TASK INPUTS:
(* Let $K$ be a field of characteristic $0$, $1\le n\le d$, $X=(x_1,\dots,x_n)$, and let $A=\{a_1^{(d_1)},\dots,a_m^{(d_m)}\}\subset K$ be a multiset ($a_i$ pairwise distinct, repeated $d_i$ times) with $d_1+\cdots+d_m=d$. Let $f=\prod_{i=1}^m(x-a_i)^{d_i}$, $F=\{f(x_1),\dots,f(x_n)\}$ and $v_n=\prod_{1\le i<j\le n}(x_j-x_i)$. Then for every symmetric polynomial $h\in K[X]$, $$r_A(h)=\frac{r_F(v_n\,h)}{v_n},$$ where $r_F(\cdot)$ denotes the normal form modulo the Gröbner basis $F$ with respect to the lexicographic order with $x_1\prec\cdots\prec x_n$, and $r_A(h)$ is the symmetric Hermite interpolant of $h$ with respect to $A$.
   Context: Write $f=x^d+f_{d-1}x^{d-1}+\cdots+f_0$ and let $G=\{g_1,\dots,g_n\}$ with $g_i(x_1,\dots,x_i)=\sum_{k=i-1}^d f_k\,h^{(i)}_{k-i+1}$ ($f_d=1$), where $h^{(i)}_j=\sum_{k_1+\cdots+k_i=j}x_1^{k_1}\cdots x_i^{k_i}$ is the complete homogeneous symmetric polynomial of degree $j$ in $x_1,\dots,x_i$. The symmetric Hermite interpolant of a symmetric $h\in K[X]$ is $r_A(h):=r_G(h)$, the normal form of $h$ modulo the Gröbner basis $G$ for the lexicographic order with $x_1\prec\cdots\prec x_n$; it is a symmetric polynomial of degree $\le d-n$ in each variable. *)

theory Defs
  imports "HOL-Library.Poly_Mapping" "HOL-Library.Multiset"
    "HOL-Computational_Algebra.Polynomial" "HOL-Combinatorics.Permutations"
begin

text \<open>Multivariate polynomials over 'a in the variables x_0, x_1, ... (index i stands for
  the paper's variable x_(i+1)): finitely supported maps from monomials (exponent vectors
  nat =>0 nat) to coefficients.\<close>

type_synonym 'a mpoly = "(nat \<Rightarrow>\<^sub>0 nat) \<Rightarrow>\<^sub>0 'a"

definition mconst :: "'a::comm_ring_1 \<Rightarrow> 'a mpoly" where
  "mconst c = Poly_Mapping.single 0 c"

definition mvar :: "nat \<Rightarrow> 'a::comm_ring_1 mpoly" where
  "mvar i = Poly_Mapping.single (Poly_Mapping.single i 1) 1"

definition mvars :: "'a::comm_ring_1 mpoly \<Rightarrow> nat set" where
  "mvars p = \<Union> (Poly_Mapping.keys ` Poly_Mapping.keys p)"

definition mrename :: "(nat \<Rightarrow> nat) \<Rightarrow> 'a::comm_ring_1 mpoly \<Rightarrow> 'a mpoly" where
  "mrename \<sigma> p = (\<Sum>m\<in>Poly_Mapping.keys p.
      mconst (Poly_Mapping.lookup p m) *
      (\<Prod>i\<in>Poly_Mapping.keys m. mvar (\<sigma> i) ^ Poly_Mapping.lookup m i))"

definition symmetric_in :: "nat \<Rightarrow> 'a::comm_ring_1 mpoly \<Rightarrow> bool" where
  "symmetric_in n h \<longleftrightarrow> mvars h \<subseteq> {..<n} \<and>
     (\<forall>\<sigma>. \<sigma> permutes {..<n} \<longrightarrow> mrename \<sigma> h = h)"

definition lex_less :: "(nat \<Rightarrow>\<^sub>0 nat) \<Rightarrow> (nat \<Rightarrow>\<^sub>0 nat) \<Rightarrow> bool" where
  "lex_less m m' \<longleftrightarrow> (\<exists>k. Poly_Mapping.lookup m k < Poly_Mapping.lookup m' k \<and>
      (\<forall>j>k. Poly_Mapping.lookup m j = Poly_Mapping.lookup m' j))"

definition lead_mono :: "'a::comm_ring_1 mpoly \<Rightarrow> (nat \<Rightarrow>\<^sub>0 nat)" where
  "lead_mono p = (THE m. m \<in> Poly_Mapping.keys p \<and>
      (\<forall>m'\<in>Poly_Mapping.keys p. m' \<noteq> m \<longrightarrow> lex_less m' m))"

definition mono_dvd :: "(nat \<Rightarrow>\<^sub>0 nat) \<Rightarrow> (nat \<Rightarrow>\<^sub>0 nat) \<Rightarrow> bool" where
  "mono_dvd m m' \<longleftrightarrow> (\<forall>i. Poly_Mapping.lookup m i \<le> Poly_Mapping.lookup m' i)"

definition mideal :: "'a::comm_ring_1 mpoly set \<Rightarrow> 'a mpoly set" where
  "mideal G = {\<Sum>g\<in>G. c g * g | c. True}"

definition normal_form :: "nat \<Rightarrow> 'a::comm_ring_1 mpoly set \<Rightarrow> 'a mpoly \<Rightarrow> 'a mpoly" where
  "normal_form n G h = (THE p. mvars p \<subseteq> {..<n} \<and> h - p \<in> mideal G \<and>
      (\<forall>m\<in>Poly_Mapping.keys p. \<forall>g\<in>G. \<not> mono_dvd (lead_mono g) m))"

definition upoly_at :: "'a::comm_ring_1 poly \<Rightarrow> nat \<Rightarrow> 'a mpoly" where
  "upoly_at f i = (\<Sum>k\<le>degree f. mconst (coeff f k) * mvar i ^ k)"

definition complete_hom :: "nat \<Rightarrow> nat \<Rightarrow> 'a::comm_ring_1 mpoly" where
  "complete_hom i j = (\<Sum>m\<in>{m::nat \<Rightarrow>\<^sub>0 nat. Poly_Mapping.keys m \<subseteq> {..<i} \<and>
      (\<Sum>k\<in>Poly_Mapping.keys m. Poly_Mapping.lookup m k) = j}.
      Poly_Mapping.single m 1)"

definition mset_poly :: "'a::comm_ring_1 multiset \<Rightarrow> 'a poly" where
  "mset_poly A = prod_mset (image_mset (\<lambda>a. [:-a, 1:]) A)"

definition herm_g :: "'a::comm_ring_1 poly \<Rightarrow> nat \<Rightarrow> 'a mpoly" where
  "herm_g f i = (\<Sum>k\<in>{i-1..degree f}. mconst (coeff f k) * complete_hom i (k - (i - 1)))"

definition herm_G :: "'a::comm_ring_1 poly \<Rightarrow> nat \<Rightarrow> 'a mpoly set" where
  "herm_G f n = herm_g f ` {1..n}"

definition sym_hermite :: "'a::comm_ring_1 multiset \<Rightarrow> nat \<Rightarrow> 'a mpoly \<Rightarrow> 'a mpoly" where
  "sym_hermite A n h = normal_form n (herm_G (mset_poly A) n) h"

definition herm_F :: "'a::comm_ring_1 multiset \<Rightarrow> nat \<Rightarrow> 'a mpoly set" where
  "herm_F A n = (\<lambda>i. upoly_at (mset_poly A) i) ` {..<n}"

definition vandermonde :: "nat \<Rightarrow> 'a::comm_ring_1 mpoly" where
  "vandermonde n = (\<Prod>(i, j)\<in>{(i, j). i < j \<and> j < n}. mvar j - mvar i)"

end

theory Submission
  imports Defs
begin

WORK ORDER: The lines above, starting at the one with "m' k \<and>" and ending at the one with "mpoly \<Rightarrow> (nat", are the only ones to return, exactly as written.

ANSWER:
  "lex_less m m' \<longleftrightarrow> (\<exists>k. Poly_Mapping.lookup m k < Poly_Mapping.lookup m' k \<and>
      (\<forall>j>k. Poly_Mapping.lookup m j = Poly_Mapping.lookup m' j))"

definition lead_mono :: "'a::comm_ring_1 mpoly \<Rightarrow> (nat \<Rightarrow>\<^sub>0 nat)" where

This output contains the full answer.